- [Work task] Word for word, give every line of the listing again.

- [Supplied information]
····················

lemma wqo_on_good_pair:
  fixes q :: "nat \<Rightarrow> 'a"
  assumes w: "wqo_on P le" and q: "\<And>i. q i \<in> P"
  shows "\<exists>i j. i < j \<and> le (q i) (q j)"
proof (rule ccontr)
  assume bad: "\<not> (\<exists>i j. i < j \<and> le (q i) (q j))"
  define col where "col e = (if le (q (Max e)) (q (Min e)) then 0 else 1 :: nat)" for e :: "nat set"
  have "\<forall>x\<in>UNIV. \<forall>y\<in>UNIV. x \<noteq> y \<longrightarrow> col {x, y} < 2" by (simp add: col_def)
  from Ramsey2[OF infinite_UNIV_nat this] obtain Y t where Y: "infinite Y" and "t < 2"
    and hom: "\<forall>x\<in>Y. \<forall>y\<in>Y. x \<noteq> y \<longrightarrow> col {x, y} = t"
    by (elim exE conjE)
  define e where "e = enumerate Y"
  have e: "strict_mono e" "\<And>k. e k \<in> Y"
    using Y strict_mono_enumerate enumerate_in_set unfolding e_def by auto
  have col_e: "col {e i, e j} = (if le (q (e j)) (q (e i)) then 0 else 1)" if "i < j" for i j
  proof -
    have "e i < e j" using e(1) that by (rule strict_monoD)
    then show ?thesis unfolding col_def by (simp add: insert_commute max_def min_def)
  qed
  have t: "col {e i, e j} = t" if "i < j" for i j
    using hom e that by (metis less_irrefl strict_mono_less)
  have no_descent: "\<not> (\<forall>i. g i \<in> P \<and> le (g (Suc i)) (g i) \<and> \<not> le (g i) (g (Suc i)))"
    for g :: "nat \<Rightarrow> 'a"
    using w unfolding wqo_on_def by blast
  have no_antichain: "\<forall>A\<subseteq>P. (\<forall>x\<in>A. \<forall>y\<in>A. x \<noteq> y \<longrightarrow> \<not> le x y) \<longrightarrow> finite A"
    using w unfolding wqo_on_def by (rule conjunct2[OF conjunct2])
  consider "t = 0" | "t = 1" using \<open>t < 2\<close> by linarith
  then show False
  proof cases
    case 1
    have desc: "le (q (e (Suc k))) (q (e k)) \<and> \<not> le (q (e k)) (q (e (Suc k)))" for k
    proof
      show "le (q (e (Suc k))) (q (e k))"
        using t[of k "Suc k"] col_e[of k "Suc k"] 1 by (simp split: if_splits)
      show "\<not> le (q (e k)) (q (e (Suc k)))"
        using bad strict_monoD[OF e(1), of k "Suc k"] by blast
    qed
    then show False using no_descent[of "q \<circ> e"] q by simp
  next
    case 2
    have pair: "\<not> le (q (e j)) (q (e i)) \<and> \<not> le (q (e i)) (q (e j))" if "i < j" for i j
    proof
      show "\<not> le (q (e j)) (q (e i))"
        using t[OF that] col_e[OF that] 2 by (metis zero_neq_one)
      show "\<not> le (q (e i)) (q (e j))"
        using bad strict_monoD[OF e(1) that] by blast
    qed
    have incomparable: "\<not> le (q (e i)) (q (e j))" if "i \<noteq> j" for i j
      using that pair[of i j] pair[of j i] by (cases "i < j") auto
    have refl: "le x x" if "x \<in> P" for x
      using w that unfolding wqo_on_def quasi_order_on_def by blast
    have "inj (q \<circ> e)"
    proof (rule injI)
      fix i j assume "(q \<circ> e) i = (q \<circ> e) j"
      then show "i = j" using incomparable[of i j] refl[OF q] by auto
    qed
    then have "infinite (range (q \<circ> e))" by (rule range_inj_infinite)
    moreover have "\<forall>x\<in>range (q \<circ> e). \<forall>y\<in>range (q \<circ> e). x \<noteq> y \<longrightarrow> \<not> le x y"
    proof (intro ballI impI)
      fix x y assume "x \<in> range (q \<circ> e)" "y \<in> range (q \<circ> e)" "x \<noteq> y"
      then obtain i j where "x = q (e i)" "y = q (e j)" "i \<noteq> j" by auto
      then show "\<not> le x y" using incomparable by blast
    qed
    moreover have "range (q \<circ> e) \<subseteq> P" using q by auto
    ultimately show False using no_antichain by blast
  qed
qed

····················

- [Expected output]
lemma wqo_on_good_pair:
  fixes q :: "nat \<Rightarrow> 'a"
  assumes w: "wqo_on P le" and q: "\<And>i. q i \<in> P"
  shows "\<exists>i j. i < j \<and> le (q i) (q j)"
proof (rule ccontr)
  assume bad: "\<not> (\<exists>i j. i < j \<and> le (q i) (q j))"
  define col where "col e = (if le (q (Max e)) (q (Min e)) then 0 else 1 :: nat)" for e :: "nat set"
  have "\<forall>x\<in>UNIV. \<forall>y\<in>UNIV. x \<noteq> y \<longrightarrow> col {x, y} < 2" by (simp add: col_def)
  from Ramsey2[OF infinite_UNIV_nat this] obtain Y t where Y: "infinite Y" and "t < 2"
    and hom: "\<forall>x\<in>Y. \<forall>y\<in>Y. x \<noteq> y \<longrightarrow> col {x, y} = t"
    by (elim exE conjE)
  define e where "e = enumerate Y"
  have e: "strict_mono e" "\<And>k. e k \<in> Y"
    using Y strict_mono_enumerate enumerate_in_set unfolding e_def by auto
  have col_e: "col {e i, e j} = (if le (q (e j)) (q (e i)) then 0 else 1)" if "i < j" for i j
  proof -
    have "e i < e j" using e(1) that by (rule strict_monoD)
    then show ?thesis unfolding col_def by (simp add: insert_commute max_def min_def)
  qed
  have t: "col {e i, e j} = t" if "i < j" for i j
    using hom e that by (metis less_irrefl strict_mono_less)
  have no_descent: "\<not> (\<forall>i. g i \<in> P \<and> le (g (Suc i)) (g i) \<and> \<not> le (g i) (g (Suc i)))"
    for g :: "nat \<Rightarrow> 'a"
    using w unfolding wqo_on_def by blast
  have no_antichain: "\<forall>A\<subseteq>P. (\<forall>x\<in>A. \<forall>y\<in>A. x \<noteq> y \<longrightarrow> \<not> le x y) \<longrightarrow> finite A"
    using w unfolding wqo_on_def by (rule conjunct2[OF conjunct2])
  consider "t = 0" | "t = 1" using \<open>t < 2\<close> by linarith
  then show False
  proof cases
    case 1
    have desc: "le (q (e (Suc k))) (q (e k)) \<and> \<not> le (q (e k)) (q (e (Suc k)))" for k
    proof
      show "le (q (e (Suc k))) (q (e k))"
        using t[of k "Suc k"] col_e[of k "Suc k"] 1 by (simp split: if_splits)
      show "\<not> le (q (e k)) (q (e (Suc k)))"
        using bad strict_monoD[OF e(1), of k "Suc k"] by blast
    qed
    then show False using no_descent[of "q \<circ> e"] q by simp
  next
    case 2
    have pair: "\<not> le (q (e j)) (q (e i)) \<and> \<not> le (q (e i)) (q (e j))" if "i < j" for i j
    proof
      show "\<not> le (q (e j)) (q (e i))"
        using t[OF that] col_e[OF that] 2 by (metis zero_neq_one)
      show "\<not> le (q (e i)) (q (e j))"
        using bad strict_monoD[OF e(1) that] by blast
    qed
    have incomparable: "\<not> le (q (e i)) (q (e j))" if "i \<noteq> j" for i j
      using that pair[of i j] pair[of j i] by (cases "i < j") auto
    have refl: "le x x" if "x \<in> P" for x
      using w that unfolding wqo_on_def quasi_order_on_def by blast
    have "inj (q \<circ> e)"
    proof (rule injI)
      fix i j assume "(q \<circ> e) i = (q \<circ> e) j"
      then show "i = j" using incomparable[of i j] refl[OF q] by auto
    qed
    then have "infinite (range (q \<circ> e))" by (rule range_inj_infinite)
    moreover have "\<forall>x\<in>range (q \<circ> e). \<forall>y\<in>range (q \<circ> e). x \<noteq> y \<longrightarrow> \<not> le x y"
    proof (intro ballI impI)
      fix x y assume "x \<in> range (q \<circ> e)" "y \<in> range (q \<circ> e)" "x \<noteq> y"
      then obtain i j where "x = q (e i)" "y = q (e j)" "i \<noteq> j" by auto
      then show "\<not> le x y" using incomparable by blast
    qed
    moreover have "range (q \<circ> e) \<subseteq> P" using q by auto
    ultimately show False using no_antichain by blast
  qed
qed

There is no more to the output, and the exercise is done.